"Used to Love" is the first solo single by American R&B singer Keke Wyatt released as the lead single taken from her debut album Soul Sista (2001). The song was released through MCA Records and on August 28, 2001. The song was written and produced by Steve 'Stone' Huff. 

It served as the follow-up to Wyatt's duet with Avant, titled "My First Love" (2000).
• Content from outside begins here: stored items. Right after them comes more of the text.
theorem lemma6p5:
  fixes ns :: "int list"
  assumes "ns \<noteq> []" and "\<forall>n\<in>set ns. n \<ge> 2"
  defines "l \<equiv> length ns"
  defines "c \<equiv> (\<lambda>i::nat. - hjcf (rev (take i ns)))"
  defines "d \<equiv> (\<lambda>i::nat. if i = l then c l - 1 else c i)"
  defines "D \<equiv> -2 - (\<Sum>j=1..l. d j / (\<Prod>k=1..j. d k)^2)"
  shows "(\<exists>v. orth_basis (tau ns) v (\<lambda>i. if i = l + 1 then D else d i))
       \<and> D = -2 + of_int (q_1 ns + q_1l ns) / of_int (qq ns + q_l ns)
       \<and> (in_T6 ns \<longrightarrow> (\<exists>\<alpha>::int. \<alpha> > 0 \<and> odd \<alpha> \<and> bar_3pow 2 \<alpha> D))"
proof -
  interpret tau_lattice ns using assms(1,2) by unfold_locales
  have d: "d j = basis_sq j" if "j \<in> {1..l}" for j
    using basis_sq_eq_hjcf[of j] that by (auto simp: d_def c_def l_def)
  have "(\<Sum>j=1..l. d j / (\<Prod>k=1..j. d k)^2) = (\<Sum>j=1..l. basis_sq j / (\<Prod>k=1..j. basis_sq k)^2)"
  proof (rule sum.cong)
    fix j assume "j \<in> {1..l}"
    moreover have "(\<Prod>k=1..j. d k) = (\<Prod>k=1..j. basis_sq k)"
      using calculation by (intro prod.cong) (auto simp: d)
    ultimately show "d j / (\<Prod>k=1..j. d k)^2 = basis_sq j / (\<Prod>k=1..j. basis_sq k)^2"
      by (simp add: d)
  qed simp
  then have D_sq: "D = basis_sq (length (tau ns))"
    using basis_sq_sum by (simp add: D_def l_def length_tau tau_nth_0)
  then have D: "D = rho - 2" by (simp add: basis_sq_def tau_nth_0)
  have "orth_basis (tau ns) basis_vec (\<lambda>i. if i = l + 1 then D else d i)"
    using orth_basis by (rule orth_basis_cong) (auto simp: d D_sq l_def length_tau)
  then show ?thesis
    using D rho_eq bar_3pow_of_in_T6 by auto
qed

end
The song failed to make impact on the Billboard Hot 100, however the single peaked at number sixty five on the Hot R&B/Hip-Hop Songs chart.

Critical reception
John Bush from AllMusic described the song in a review of the album stating "Used to Love" rides a nice groove, with heavily synthesized horns and light scratching, while Wyatt vamps over the production."

Music video
The music video was released in 2001. On June 16, 2009, the music video was uploaded to Wyatt's Vevo channel.

Chart performance
The song peaked at number 65 on the Hot R&B/Hip-Hop Songs chart on August 18, 2001 and spent three weeks on the chart respectively.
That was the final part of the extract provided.